## DIRECTIONS
For each line below that holds the word "definition", make a copy.

Stored data:
---*---

(* For any positive integers $r,k$, the set $D_{r,k}$ contains at least one non-zero integer.
   Context: For positive integers $v,b,r,k$, a $(v,b,r,k)$-configuration is a connected bipartite graph with $v$ vertices on one side, each of degree $r$, and $b$ vertices on the other side, each of degree $k$, containing no cycle of length $4$. By convention the empty graph (with $v=b=0$) is also regarded as a configuration. A tuple $(v,b,r,k)$ is configurable if a $(v,b,r,k)$-configuration exists. Let $\mathbb{N}_0=\{0,1,2,\dots\}$ and define $$D_{r,k}=\left\{d\in\mathbb{N}_0:\left(d\tfrac{k}{\gcd(r,k)},\,d\tfrac{r}{\gcd(r,k)},\,r,\,k\right)\text{ is configurable}\right\}.$$ *)

theory Defs
  imports Main
begin

text \<open>A bipartite graph is encoded by a set of points P (one side), a set of lines L
  (other side), both subsets of nat, and an incidence (edge) set I \<subseteq> P \<times> L.\<close>

definition bip_adj :: "(nat \<times> nat) set \<Rightarrow> (nat + nat) rel" where
  "bip_adj I = {(x, y). \<exists>p l. (p, l) \<in> I \<and>
      ((x = Inl p \<and> y = Inr l) \<or> (x = Inr l \<and> y = Inl p))}"

definition bip_connected :: "nat set \<Rightarrow> nat set \<Rightarrow> (nat \<times> nat) set \<Rightarrow> bool" where
  "bip_connected P L I \<longleftrightarrow>
     (\<forall>x \<in> P <+> L. \<forall>y \<in> P <+> L. (x, y) \<in> (bip_adj I)\<^sup>*)"

definition no_4_cycle :: "(nat \<times> nat) set \<Rightarrow> bool" where
  "no_4_cycle I \<longleftrightarrow> \<not> (\<exists>p1 p2 l1 l2. p1 \<noteq> p2 \<and> l1 \<noteq> l2 \<and>
      (p1, l1) \<in> I \<and> (p1, l2) \<in> I \<and> (p2, l1) \<in> I \<and> (p2, l2) \<in> I)"

definition is_configuration ::
  "nat set \<Rightarrow> nat set \<Rightarrow> (nat \<times> nat) set \<Rightarrow> nat \<Rightarrow> nat \<Rightarrow> nat \<Rightarrow> nat \<Rightarrow> bool" where
  "is_configuration P L I v b r k \<longleftrightarrow>
     finite P \<and> finite L \<and> card P = v \<and> card L = b \<and> I \<subseteq> P \<times> L \<and>
     (\<forall>p \<in> P. card {l. (p, l) \<in> I} = r) \<and>
     (\<forall>l \<in> L. card {p. (p, l) \<in> I} = k) \<and>
     bip_connected P L I \<and> no_4_cycle I"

---*---

## ANSWER BELOW
definition bip_adj :: "(nat \<times> nat) set \<Rightarrow> (nat + nat) rel" where
definition bip_connected :: "nat set \<Rightarrow> nat set \<Rightarrow> (nat \<times> nat) set \<Rightarrow> bool" where
definition no_4_cycle :: "(nat \<times> nat) set \<Rightarrow> bool" where
definition is_configuration ::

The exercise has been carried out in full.